What if you have half a second to stop the
extinction of the human race? What if that pivotal day to save
humanity depends on you saving your own life? Catherine’s life and
humanity’s continued existence depend on her ability and willingness
to believe in an altered, future timeline with a colony of Earth
inhabitants. It couldn’t come at a worse time. Catherine’s father dies
unexpectedly. The pressure of her research and advocacy work adds
dead weight to her life’s precarious tipping points. Catherine’s losing
battles includes sleep deprivation. Sleep eludes her, because when it
does come, she finds herself repeatedly dreaming about standing on
the same high plateau with her greyhound dog, Addy, and a stranger
(Keitha) & her dog (Murphey) surrounded by plants and animals
and insects, and then poof! The living landscape transforms into ash.

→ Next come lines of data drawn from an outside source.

(* Let $\mathrm{tHC}$ be the twisted associative algebra generated by $S_t$-invariant elements $\mathsf m^{2p}_{\underline t}$ of arity $t\geqslant1$ and homological degree $2p$, for all $t\geqslant1$ and $p\geqslant0$, with $\overline{\mathsf m}_I=\sum_{p\geqslant0}\mathsf m^{2p}_I$, subject to the relations \[ \sum_{\substack{\underline n=I\sqcup J\\ i\in I,\ j\in J}}\overline{\mathsf m}_I\overline{\mathsf m}_J=\sum_{\substack{\underline n=I\sqcup J\\ i\in I,\ j\in J}}\overline{\mathsf m}_J\overline{\mathsf m}_I\qquad(n\geqslant2,\ i\neq j\in\underline n), \] understood homological degree by homological degree. Then for every $n\geqslant1$, each of the two elements \[ \sum_{\substack{I\sqcup J=\underline n\\ j\in J}}\overline{\mathsf m}_I\overline{\mathsf m}_J,\qquad \sum_{\substack{I\sqcup J=\underline n\\ j\in J}}\overline{\mathsf m}_J\overline{\mathsf m}_I \] (sums over decompositions into nonempty $I,J$, taken degree by degree) is independent of the choice of $j\in\underline n$.
   Context: Work over a field $\Bbbk$ of characteristic zero, homologically graded vector spaces; $\underline n=\{1,\dots,n\}$. A twisted associative algebra is a species with natural associative unital products $\mathcal A(J)\otimes\mathcal A(K)\to\mathcal A(J\sqcup K)$; $\mathsf x_I$ is the relabeling of an $S_t$-invariant element of arity $t$ to a $t$-element set $I$; relations are imposed with all relabelings. Since $\overline{\mathsf m}_t$ is an infinite sum of elements of different degrees, each identity involving these sums is to be read as the family of identities obtained by separating the terms by total homological degree (each involving finitely many terms). *)

theory Defs
  imports Main
begin

text \<open>Concrete model of tHC as a quotient of the free twisted associative algebra.
  A basis word of the free twisted associative algebra on the generators
  m^{2p}_I (I a finite nonempty label set, S_t-invariance meaning the generator
  relabelled to I depends only on I) is a list of pairs (p, I); the word
  [(p1,I1),...,(pk,Ik)] stands for the product m^{2p1}_{I1} ... m^{2pk}_{Ik},
  which lives in arity I1 \<union> ... \<union> Ik (blocks pairwise disjoint).
  Elements are (finitely supported) coefficient functions on words.\<close>

type_synonym tword = "(nat \<times> nat set) list"

definition valid_word :: "tword \<Rightarrow> bool" where
  "valid_word w \<longleftrightarrow>
     (\<forall>b\<in>set w. finite (snd b) \<and> snd b \<noteq> {}) \<and>
     (\<forall>a<length w. \<forall>c<length w. a \<noteq> c \<longrightarrow> snd (w ! a) \<inter> snd (w ! c) = {})"

definition word_arity :: "tword \<Rightarrow> nat set" where
  "word_arity w = \<Union> (snd ` set w)"

definition bvec :: "tword \<Rightarrow> tword \<Rightarrow> 'k::field" where
  "bvec u w = (if w = u then 1 else 0)"

definition rel_gen :: "tword \<Rightarrow> tword \<Rightarrow> nat set \<Rightarrow> nat \<Rightarrow> nat \<Rightarrow> nat \<Rightarrow> tword \<Rightarrow> 'k::field" where
  "rel_gen u v T i j d = (\<lambda>w. \<Sum>(I,J,p,q) \<in> {(I,J,p,q). I \<union> J = T \<and> I \<inter> J = {} \<and> i \<in> I \<and> j \<in> J
                                              \<and> 2*p + 2*q = d}.
        bvec (u @ [(p,I),(q,J)] @ v) w - bvec (u @ [(q,J),(p,I)] @ v) w)"

inductive_set tHC_ideal :: "(tword \<Rightarrow> 'k::field) set" where
  zero: "(\<lambda>_. 0) \<in> tHC_ideal"
| add: "a \<in> tHC_ideal \<Longrightarrow> b \<in> tHC_ideal \<Longrightarrow> (\<lambda>w. a w + b w) \<in> tHC_ideal"
| smult: "a \<in> tHC_ideal \<Longrightarrow> (\<lambda>w. c * a w) \<in> tHC_ideal"
| gen: "valid_word u \<Longrightarrow> valid_word v \<Longrightarrow> finite T \<Longrightarrow> i \<in> T \<Longrightarrow> j \<in> T \<Longrightarrow> i \<noteq> j \<Longrightarrow>
        word_arity u \<inter> word_arity v = {} \<Longrightarrow> word_arity u \<inter> T = {} \<Longrightarrow> word_arity v \<inter> T = {} \<Longrightarrow>
        rel_gen u v T i j d \<in> tHC_ideal"

definition sumIJ :: "nat \<Rightarrow> nat \<Rightarrow> nat \<Rightarrow> tword \<Rightarrow> 'k::field" where
  "sumIJ n j d = (\<lambda>w. \<Sum>(I,J,p,q) \<in> {(I,J,p,q). I \<union> J = {1..n} \<and> I \<inter> J = {} \<and> I \<noteq> {} \<and> j \<in> J
                                           \<and> 2*p + 2*q = d}.
        bvec [(p,I),(q,J)] w)"

definition sumJI :: "nat \<Rightarrow> nat \<Rightarrow> nat \<Rightarrow> tword \<Rightarrow> 'k::field" where
  "sumJI n j d = (\<lambda>w. \<Sum>(I,J,p,q) \<in> {(I,J,p,q). I \<union> J = {1..n} \<and> I \<inter> J = {} \<and> I \<noteq> {} \<and> j \<in> J
                                           \<and> 2*p + 2*q = d}.
        bvec [(q,J),(p,I)] w)"

end

theory Submission
  imports Defs
begin

text \<open>In the difference of the sums for \<open>j\<close> and \<open>j'\<close>, the decompositions with \<open>j, j' \<in> J\<close>
  cancel. What remains are the decompositions with \<open>j' \<in> I, j \<in> J\<close> minus those with
  \<open>j \<in> I, j' \<in> J\<close> (the condition \<open>I \<noteq> {}\<close> is then automatic). Exchanging \<open>I\<close> and \<open>J\<close> in the
  latter shows that, degree by degree, the difference is exactly the relation for the pair
  \<open>(j', j)\<close> for the sums \<open>\<Sum> m\<^sub>I m\<^sub>J\<close>, and its negative for the sums \<open>\<Sum> m\<^sub>J m\<^sub>I\<close>.\<close>

definition splittings :: "'a set \<Rightarrow> ('a set \<Rightarrow> 'a set \<Rightarrow> bool) \<Rightarrow> nat \<Rightarrow> ('a set \<times> 'a set \<times> nat \<times> nat) set" where
  "splittings T P d = {(I,J,p,q). I \<union> J = T \<and> I \<inter> J = {} \<and> P I J \<and> 2*p + 2*q = d}"

definition swap_blocks :: "'a set \<times> 'a set \<times> nat \<times> nat \<Rightarrow> 'a set \<times> 'a set \<times> nat \<times> nat" where
  "swap_blocks = (\<lambda>(I,J,p,q). (J,I,q,p))"

lemma finite_splittings:
  assumes "finite T"
  shows "finite (splittings T P d)"
proof (rule finite_subset)
  show "splittings T P d \<subseteq> Pow T \<times> Pow T \<times> {..d} \<times> {..d}"
    by (auto simp: splittings_def)
qed (use assms in simp)

lemma swap_blocks_swap_blocks [simp]: "swap_blocks (swap_blocks x) = x"
  by (simp add: swap_blocks_def split: prod.splits)

lemma inj_swap_blocks: "inj swap_blocks"
  by (metis injI swap_blocks_swap_blocks)

lemma swap_blocks_image_splittings:
  "swap_blocks ` splittings T P d = splittings T (\<lambda>I J. P J I) d"
proof -
  have "x \<in> swap_blocks ` A \<longleftrightarrow> swap_blocks x \<in> A" for x and A :: "('a set \<times> 'a set \<times> nat \<times> nat) set"
    using image_eqI[of x swap_blocks "swap_blocks x" A] by auto
  then show ?thesis
    by (auto simp: swap_blocks_def splittings_def split: prod.splits)
qed

lemma sum_splittings_diff:
  fixes g :: "'a set \<times> 'a set \<times> nat \<times> nat \<Rightarrow> 'b::ab_group_add"
  assumes "finite T" "j \<in> T" "j' \<in> T" "j \<noteq> j'"
  shows "(\<Sum>x\<in>splittings T (\<lambda>I J. I \<noteq> {} \<and> j \<in> J) d. g x)
       - (\<Sum>x\<in>splittings T (\<lambda>I J. I \<noteq> {} \<and> j' \<in> J) d. g x)
       = (\<Sum>x\<in>splittings T (\<lambda>I J. j' \<in> I \<and> j \<in> J) d. g x - g (swap_blocks x))"
proof -
  let ?S = "\<lambda>P. splittings T P d"
  let ?A = "?S (\<lambda>I J. j' \<in> I \<and> j \<in> J)" and ?A' = "?S (\<lambda>I J. j \<in> I \<and> j' \<in> J)"
  let ?C = "?S (\<lambda>I J. I \<noteq> {} \<and> j \<in> J \<and> j' \<in> J)"
  have fin: "finite (?S P)" for P
    using assms(1) by (rule finite_splittings)
  have split_j: "?S (\<lambda>I J. I \<noteq> {} \<and> j \<in> J) = ?A \<union> ?C"
    using assms(3) by (auto simp: splittings_def)
  have split_j': "?S (\<lambda>I J. I \<noteq> {} \<and> j' \<in> J) = ?A' \<union> ?C"
    using assms(2) by (auto simp: splittings_def)
  have disj: "?A \<inter> ?C = {}" "?A' \<inter> ?C = {}"
    by (auto simp: splittings_def)
  have "sum g ?A' = sum g (swap_blocks ` ?A)"
    by (simp add: swap_blocks_image_splittings conj_commute)
  also have "\<dots> = (\<Sum>x\<in>?A. g (swap_blocks x))"
    by (simp add: sum.reindex inj_on_subset[OF inj_swap_blocks])
  finally have swap: "sum g ?A' = (\<Sum>x\<in>?A. g (swap_blocks x))" .
  show ?thesis
    unfolding split_j split_j' sum.union_disjoint[OF fin fin disj(1)]
      sum.union_disjoint[OF fin fin disj(2)] swap sum_subtractf
    by simp
qed

definition blocks_word :: "nat set \<times> nat set \<times> nat \<times> nat \<Rightarrow> tword" where
  "blocks_word = (\<lambda>(I,J,p,q). [(p,I),(q,J)])"

lemma sumIJ_eq_sum_splittings:
  "sumIJ n j d w = (\<Sum>x\<in>splittings {1..n} (\<lambda>I J. I \<noteq> {} \<and> j \<in> J) d. bvec (blocks_word x) w)"
  unfolding sumIJ_def splittings_def blocks_word_def by (simp only: conj_assoc case_prod_beta')

lemma sumJI_eq_sum_splittings:
  "sumJI n j d w
     = (\<Sum>x\<in>splittings {1..n} (\<lambda>I J. I \<noteq> {} \<and> j \<in> J) d. bvec (blocks_word (swap_blocks x)) w)"
  unfolding sumJI_def splittings_def blocks_word_def swap_blocks_def
  by (simp only: conj_assoc case_prod_beta' prod.case fst_conv snd_conv)

lemma rel_gen_Nil_eq_sum_splittings:
  "rel_gen [] [] T i j d w = (\<Sum>x\<in>splittings T (\<lambda>I J. i \<in> I \<and> j \<in> J) d.
     bvec (blocks_word x) w - bvec (blocks_word (swap_blocks x)) w)"
  unfolding rel_gen_def splittings_def blocks_word_def swap_blocks_def
  by (simp only: conj_assoc case_prod_beta' prod.case fst_conv snd_conv append.simps)

lemma rel_gen_Nil_in_tHC_ideal:
  assumes "finite T" "i \<in> T" "j \<in> T" "i \<noteq> j"
  shows "rel_gen [] [] T i j d \<in> tHC_ideal"
  by (rule tHC_ideal.gen) (use assms in \<open>simp_all add: valid_word_def word_arity_def\<close>)

lemma tHC_ideal_uminus: "a \<in> tHC_ideal \<Longrightarrow> (\<lambda>w. - a w) \<in> tHC_ideal"
  using tHC_ideal.smult[of a "-1"] by simp

theorem mainTheorem19:
  fixes n j j' d :: nat
  assumes "n \<ge> 1" and "j \<in> {1..n}" and "j' \<in> {1..n}"
  shows "(\<lambda>w. (sumIJ n j d w :: 'k::field_char_0) - sumIJ n j' d w) \<in> tHC_ideal
       \<and> (\<lambda>w. (sumJI n j d w :: 'k::field_char_0) - sumJI n j' d w) \<in> tHC_ideal"
proof (cases "j = j'")
  case True
  then show ?thesis using tHC_ideal.zero by simp
next
  case False
  let ?r = "rel_gen [] [] {1..n} j' j d :: tword \<Rightarrow> 'k"
  have r: "?r \<in> tHC_ideal"
    using assms False by (intro rel_gen_Nil_in_tHC_ideal) auto
  note diff = sum_splittings_diff[OF finite_atLeastAtMost assms(2,3) False]
  have "(\<lambda>w. sumIJ n j d w - sumIJ n j' d w) = ?r"
    unfolding sumIJ_eq_sum_splittings rel_gen_Nil_eq_sum_splittings diff ..
  moreover have "(\<lambda>w. sumJI n j d w - sumJI n j' d w) = (\<lambda>w. - ?r w)"
    unfolding sumJI_eq_sum_splittings rel_gen_Nil_eq_sum_splittings diff
    by (simp add: sum_negf[symmetric])
  ultimately show ?thesis
    using r tHC_ideal_uminus by simp
qed

end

Catherine does not suspect that she is the lynch pin, but she is the
one who must stop the Machiavellians from shifting Earth’s future
timeline, resulting in the colony’s extinction. But, because of her own
beliefs in the Hau de no sau nee (Six Nations Iroquois Confederacy)
principal that we have to consider the effect decisions have on descendants
seven generations into the future, Catherine pauses and reaches back
into her own past generations until her ancestor, Shi Ma, from the
Lipan Indian tribe, the one who passed on her family’s oral history,
reminds her that she’s connected to something beyond the people
and place of her time, her now. Catherine puts this belief to the
ultimate test when she learns that ‘the event’ is her own death. In
order to stop it, she must walk directly into its path.